The Precolonial Period
In precolonial Ghana, infectious diseases were the main cause of morbidity and mortality. Traditional village priests, clerics, and herbalists were the primary care givers, offering advice and treatment to the sick. Premodern traditional beliefs stressed the combination of spiritual and physical healing with priests and clerics identifying the supernatural causes of disease and its remedies and herbalists offering medicinal herbs.
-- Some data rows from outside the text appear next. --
lemma dtype_dsubterm: "dtype G X \<noteq> None \<Longrightarrow> dsubterm X c = Some W \<Longrightarrow> \<exists>G'. dtype G' W \<noteq> None"
  by (induction X c arbitrary: G rule: dsubterm.induct)
    (auto split: if_splits option.splits form.splits)

lemma free_leaves_pos_if_closed:
  "loose W = {} \<Longrightarrow> dnormal W \<Longrightarrow> dkind W \<noteq> 2 \<Longrightarrow> 0 < free_leaves W"
proof (induction W)
  case (DApp X Y)
  then have "dkind X \<noteq> 2" by (cases X) auto
  then show ?case using DApp by auto
qed auto

lemma dhrm_graft:
  assumes "dhrm Z" "loose W = {}" "loose Z = {}" "0 < free_leaves W" "0 < free_leaves Z"
  shows "dhrm X \<Longrightarrow> dsubterm X a = Some W \<Longrightarrow> dhrm (graft X a Z)"
proof (induction X a rule: dsubterm.induct)
  case (3 X Y i a)
  have "has_vars (graft X a Z) \<and> has_vars X" if "dsubterm X a = Some W"
    using that assms unfolding has_vars_def
    by (metis free_leaves_graft free_leaves_dsubterm option.distinct(1))
  moreover have "has_vars (graft Y a Z)" if "dsubterm Y a = Some W"
    using that assms unfolding has_vars_def by (metis free_leaves_graft option.distinct(1))
  ultimately show ?case using 3 assms by (auto simp: loose_graft split: if_splits)
qed (use assms in \<open>auto simp: loose_graft split: if_splits\<close>)

lemma dnormal_DApp_iff: "dnormal (DApp X Y) \<longleftrightarrow> dkind X \<noteq> 2 \<and> dnormal X \<and> dnormal Y"
  by (cases X) auto

lemma dnormal_graft:
  "dnormal X \<Longrightarrow> dnormal Z \<Longrightarrow> dkind Z \<noteq> 2 \<Longrightarrow> dsubterm X a \<noteq> None \<Longrightarrow>
   dnormal (graft X a Z)"
proof (induction X a rule: dsubterm.induct)
  case (3 X Y i a)
  then show ?case
    using dkind_graft[of X a Z]
    by (auto simp: dnormal_DApp_iff simp del: dnormal.simps(4) split: if_splits)
qed auto

lemma dlabel_graft:
  assumes "d \<noteq> []" "dsubterm V d = Some W" "loose W = {}" "loose Z = {}" "\<forall>G. dtype G W = dtype G Z"
  shows "dlabel (graft V d Z) = dlabel V"
proof -
  have "loose (graft V d Z) = loose V" "dtype [] (graft V d Z) = dtype [] V"
    using loose_graft[OF assms(2-4)] dtype_graft[OF assms(2,5)] by auto
  then show ?thesis using assms(1) by (cases V; cases d) auto
qed

lemma dblueprint_graft:
  assumes W: "dsubterm X a = Some W" and closed: "loose W = {}" "loose Z = {}"
    and same_type: "\<forall>G. dtype G W = dtype G Z"
  shows "dblueprint (graft X a Z) = ptrepl (dblueprint X) a (dblueprint Z)"
proof
  fix c
  consider d where "c = a @ d" | d where "a = c @ d" "d \<noteq> []" | "\<not> prefix a c" "\<not> prefix c a"
    by (metis append_Nil2 prefix_def)
  then show "dblueprint (graft X a Z) c = ptrepl (dblueprint X) a (dblueprint Z) c"
  proof cases
    case 1
    then show ?thesis using dsubterm_graft_inside[of X a Z d] W
      unfolding dblueprint_def ptrepl_def by simp
  next
    case 2
    then obtain V where V: "dsubterm X c = Some V" "dsubterm V d = Some W"
      using W dsubterm_append[of X c d] by (cases "dsubterm X c") auto
    then have "dsubterm (graft X a Z) c = Some (graft V d Z)"
      using dsubterm_graft_above 2(1) by blast
    then show ?thesis using 2 V dlabel_graft[OF 2(2) V(2) closed same_type]
      unfolding dblueprint_def ptrepl_def by (auto simp: prefix_def)
  next
    case 3
    then show ?thesis using dsubterm_graft_disjoint[of a c X Z]
      unfolding dblueprint_def ptrepl_def by simp
  qed
qed

lemma ptsub_dblueprint: "dsubterm X b = Some W \<Longrightarrow> ptsub (dblueprint X) b = dblueprint W"
  unfolding ptsub_def dblueprint_def by (simp add: dsubterm_append)

lemma dlabel_not_None: "dlabel W \<noteq> None \<Longrightarrow> loose W = {} \<and> dkind W \<noteq> 2"
  by (cases W) (auto split: if_splits)

lemma dlabel_eq:
  assumes "dtype [] W \<noteq> None" "dtype [] W' \<noteq> None" "dlabel W = dlabel W'" "dlabel W \<noteq> None"
  shows "dkind W = dkind W' \<and> dtype [] W = dtype [] W'"
proof (cases W)
  case (DApp X Y)
  then obtain X' Y' where "W' = DApp X' Y'"
    using assms(3,4) by (cases W') (auto split: if_splits)
  then show ?thesis using DApp assms by (auto split: if_splits)
qed (use assms in \<open>auto split: if_splits; cases W'; auto split: if_splits\<close>)+

lemma dLNF_dsubterm:
  assumes "X \<in> dLNF" "dsubterm X a = Some W" "loose W = {}"
  shows "W \<in> dLNF"
proof -
  obtain G where "dtype G W \<noteq> None" using assms(1,2) dtype_dsubterm unfolding dLNF_def by blast
  then have "dtype [] W \<noteq> None" using dtype_closed[OF assms(3), of G] by simp
  then show ?thesis using assms(1,2) dhrm_dsubterm dnormal_dsubterm unfolding dLNF_def by blast
qed

lemma graft_dLNF:
  assumes "X \<in> dLNF" "dsubterm X a = Some W" "W \<in> dLNF" "Z \<in> dLNF"
    and "dkind W \<noteq> 2" "dkind Z \<noteq> 2" "dtype [] W = dtype [] Z"
  shows "graft X a Z \<in> dLNF" "dtype [] (graft X a Z) = dtype [] X"
proof -
  have closed: "loose W = {}" "loose Z = {}"
    using assms(3,4) loose_empty_if_dtype unfolding dLNF_def by auto
  have same_type: "\<forall>G. dtype G W = dtype G Z" by (intro allI dtype_closed_eq[OF closed assms(7)])
  show type: "dtype [] (graft X a Z) = dtype [] X" using dtype_graft[OF assms(2) same_type] .
  have "0 < free_leaves W" "0 < free_leaves Z"
    using assms(3-6) closed free_leaves_pos_if_closed unfolding dLNF_def by auto
  then have "dhrm (graft X a Z)"
    using assms(1,2,4) closed dhrm_graft unfolding dLNF_def by blast
  moreover have "dnormal (graft X a Z)"
    using assms(1,2,4,6) dnormal_graft unfolding dLNF_def by blast
  ultimately show "graft X a Z \<in> dLNF" using type assms(1) unfolding dLNF_def by simp
qed

lemma dLNF_compress_step:
  assumes X: "X \<in> dLNF" and a: "a \<in> dom (dblueprint X)" and b: "b \<in> dom (dblueprint X)"
    and ab: "strict_prefix a b" and same_label: "dblueprint X a = dblueprint X b"
  obtains Y where "Y \<in> dLNF" "dblueprint Y = ptrepl (dblueprint X) a (ptsub (dblueprint X) b)"
    "dkind Y = dkind X" "dtype [] Y = dtype [] X" "dsize Y \<le> dsize X"
proof -
  obtain Wa Wb where Wa: "dsubterm X a = Some Wa" "dlabel Wa \<noteq> None"
    and Wb: "dsubterm X b = Some Wb" "dlabel Wb = dlabel Wa"
    using a b same_label unfolding dblueprint_def by (auto split: Option.bind_splits)
  have closed: "loose Wa = {}" "loose Wb = {}" and kinds: "dkind Wa \<noteq> 2" "dkind Wb \<noteq> 2"
    using dlabel_not_None Wa(2) Wb(2) by metis+
  have LNF: "Wa \<in> dLNF" "Wb \<in> dLNF"
    using dLNF_dsubterm[OF X] Wa(1) Wb(1) closed by auto
  have same: "dkind Wb = dkind Wa" "dtype [] Wa = dtype [] Wb"
    using dlabel_eq[of Wb Wa] LNF Wa(2) Wb(2) unfolding dLNF_def by auto
  obtain e where e: "b = a @ e" using ab by (auto simp: strict_prefix_def prefix_def)
  then have "dsubterm Wa e = Some Wb" using Wa(1) Wb(1) by (simp add: dsubterm_append)
  define Y where "Y = graft X a Wb"
  have "\<forall>G. dtype G Wa = dtype G Wb" by (intro allI dtype_closed_eq[OF closed same(2)])
  then have "dblueprint Y = ptrepl (dblueprint X) a (ptsub (dblueprint X) b)"
    unfolding Y_def ptsub_dblueprint[OF Wb(1)] using dblueprint_graft[OF Wa(1) closed] by simp
  moreover have "dkind Y = dkind X"
    using dkind_graft[of X a Wb] Wa(1) same(1) by (cases "a = []") (simp_all add: Y_def)
  moreover have "dsize Y \<le> dsize X"
    using dsize_graft[OF Wa(1), of Wb] dsize_dsubterm[OF \<open>dsubterm Wa e = Some Wb\<close>]
    by (simp add: Y_def)
  ultimately show thesis
    using that graft_dLNF[OF X Wa(1) LNF kinds same(2)] unfolding Y_def by simp
qed

lemma vcomp_dLNF:
  "vcomp \<alpha> \<beta> \<Longrightarrow> \<beta> = dblueprint X \<Longrightarrow> X \<in> dLNF \<Longrightarrow>
   \<exists>Y\<in>dLNF. dblueprint Y = \<alpha> \<and> dkind Y = dkind X \<and> dtype [] Y = dtype [] X \<and> dsize Y \<le> dsize X"
proof (induction arbitrary: X rule: vcomp.induct)
  case (vc_step \<beta> a b)
  then obtain Y where "Y \<in> dLNF" "dblueprint Y = ptrepl \<beta> a (ptsub \<beta> b)"
    "dkind Y = dkind X" "dtype [] Y = dtype [] X" "dsize Y \<le> dsize X"
    using dLNF_compress_step[of X a b] by blast
  then show ?case by blast
next
  case (vc_trans \<alpha> \<beta> \<gamma>)
  obtain Y where Y: "Y \<in> dLNF" "dblueprint Y = \<beta>" "dkind Y = dkind X" "dtype [] Y = dtype [] X"
    "dsize Y \<le> dsize X"
    using vc_trans.IH(2)[OF vc_trans.prems] by blast
  then show ?case using vc_trans.IH(1)[OF Y(2)[symmetric] Y(1)] by (auto intro: le_trans)
qed blast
The intersection of spirituality and medicine can be seen in priests using practices such as divination to determine the cause of illness and suggesting curative sacrifices before prescribing medicinal herbs obtained from herbalists.
The Colonial Period
In 1874 Ghana was officially proclaimed a British colony. Ghana proved to be an extremely dangerous disease environment for European colonists driving the British Colonial Administration to establish a Medical Department bringing about an introduction to a formal medical system, consisting of a Laboratory Branch for research, a Medical Branch of hospitals and clinics, and the Sanitary Branch for public health centered near British posts and towns. In addition to hospitals and clinics staffed with British medical professionals, these select towns were also provided anti-malaria medication to be distributed to colonists and to sell to local Ghanaians. in 1878, the Towns, Police, and Public Health Ordinance was enforced, initiating the construction and demolishing of infrastructure, draining of the streets, and issuing of fines to those that failed to comply with the heads of the colony. In 1893, a Public Works Department was introduced to implement a working sanitation system in urban colonial centers.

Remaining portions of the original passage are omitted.